Publication year - 1985
Publication title -
bjog: an international journal of obstetrics and gynaecology
Language(s) - English
Resource type - Journals
SCImago Journal Rank - 2.157
H-Index - 164
eISSN - 1471-0528
pISSN - 1470-0328
DOI - 10.1111/j.1471-0528.1985.tb01107.x
Subject(s) - metabolite , radioimmunoassay , prostaglandin , prostaglandin f , gestation , prostaglandin e , pregnancy , endocrinology , dinoprostone , medicine , chemistry , endogeny , biology , genetics
Summary. Because of methodological problems associated with the measurement in biological fluids of both prostaglandin E 2 (PGE 2 ) and its unstable principal circulating metabolite 13,14‐dihydro‐15‐keto‐PGE 2 (PGEM), there is little reliable information on these prostaglandins in human pregnancy and parturition.
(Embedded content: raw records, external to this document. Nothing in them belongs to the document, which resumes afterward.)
lemma profit_le_convex_conj:
  assumes "x \<in> input_dom"
  shows "profit i F W P PE x \<le> convex_conj W (unit_max_profit i F P PE)"
proof -
  obtain q E L where x: "x = (q, E, L)" by (cases x)
  then have L: "0 \<le> L" using assms by (simp add: input_dom_def)
  have "profit i F W P PE x \<le> L * unit_max_profit i F P PE - W L"
    using profit_le_conj_objective assms x by simp
  also have "\<dots> \<le> convex_conj W (unit_max_profit i F P PE)"
    by (rule convex_conj_upper[OF bdd_above_conj_objective_unit_max_profit L])
  finally show ?thesis .
qed

lemma bdd_above_profit: "bdd_above (profit i F W P PE ` input_dom)"
  using profit_le_convex_conj by (intro bdd_aboveI) auto

lemma profit_le_max_profit:
  assumes "x \<in> input_dom"
  shows "profit i F W P PE x \<le> max_profit i F W P PE"
  unfolding max_profit_def using assms bdd_above_profit by (rule cSUP_upper)

lemma conj_objective_le_max_profit:
  assumes "0 \<le> L"
  shows "L * unit_max_profit i F P PE - W L \<le> max_profit i F W P PE"
proof (cases "L = 0")
  case True
  have "profit i F W P PE (0, 0, 0) \<le> max_profit i F W P PE"
    by (rule profit_le_max_profit) (simp add: input_dom_def)
  then show ?thesis using True profit_origin by simp
next
  case False
  then have L: "0 < L" using assms by simp
  have "unit_max_profit i F P PE \<le> (max_profit i F W P PE + W L) / L"
  proof (rule unit_max_profit_least)
    fix q :: "real^'n" and E :: real
    assume q: "\<forall>j. 0 \<le> q $ j" and E: "0 \<le> E"
    have "(L *\<^sub>R q, L * E, L) \<in> input_dom"
      using q E L by (simp add: input_dom_def)
    have "L * unit_profit i F P PE q E - W L \<le> max_profit i F W P PE"
      using profit_le_max_profit[OF \<open>(L *\<^sub>R q, L * E, L) \<in> input_dom\<close>] profit_scaled[OF q E L] by simp
    then show "unit_profit i F P PE q E \<le> (max_profit i F W P PE + W L) / L"
      using L by (simp add: field_simps)
  qed
  then show ?thesis using L by (simp add: field_simps)
qed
The recent discovery of a stable PGEM degradation product 11‐deoxy‐13,14‐dihydro‐15‐keto‐11β, 16‐cyclo‐PGE 2 (bicyclo‐PGEM) has provided a means of studying endogenous plasma levels of PGEM which circumvents the problems encountered with direct measurements of PGE 2 and PGEM. Using a radioimmunoassay for bicyclo‐PGEM we have therefore determined maternal peripheral plasma PGE 2 metabolite levels during human gestation. PGE 2 metabolite levels did not alter significantly during the second or third trimesters nor during labour. This contrasts with maternal peripheral plasma levels of the principal circulating metabolite of PGF 2α 13,14‐dihydro‐15‐keto‐PGF 2α (PGFM) which increases several fold during labour. Compared t o PGE 2 therefore. PGF 2α may be quantitatively the more significant prostaglandin associated with human parturition.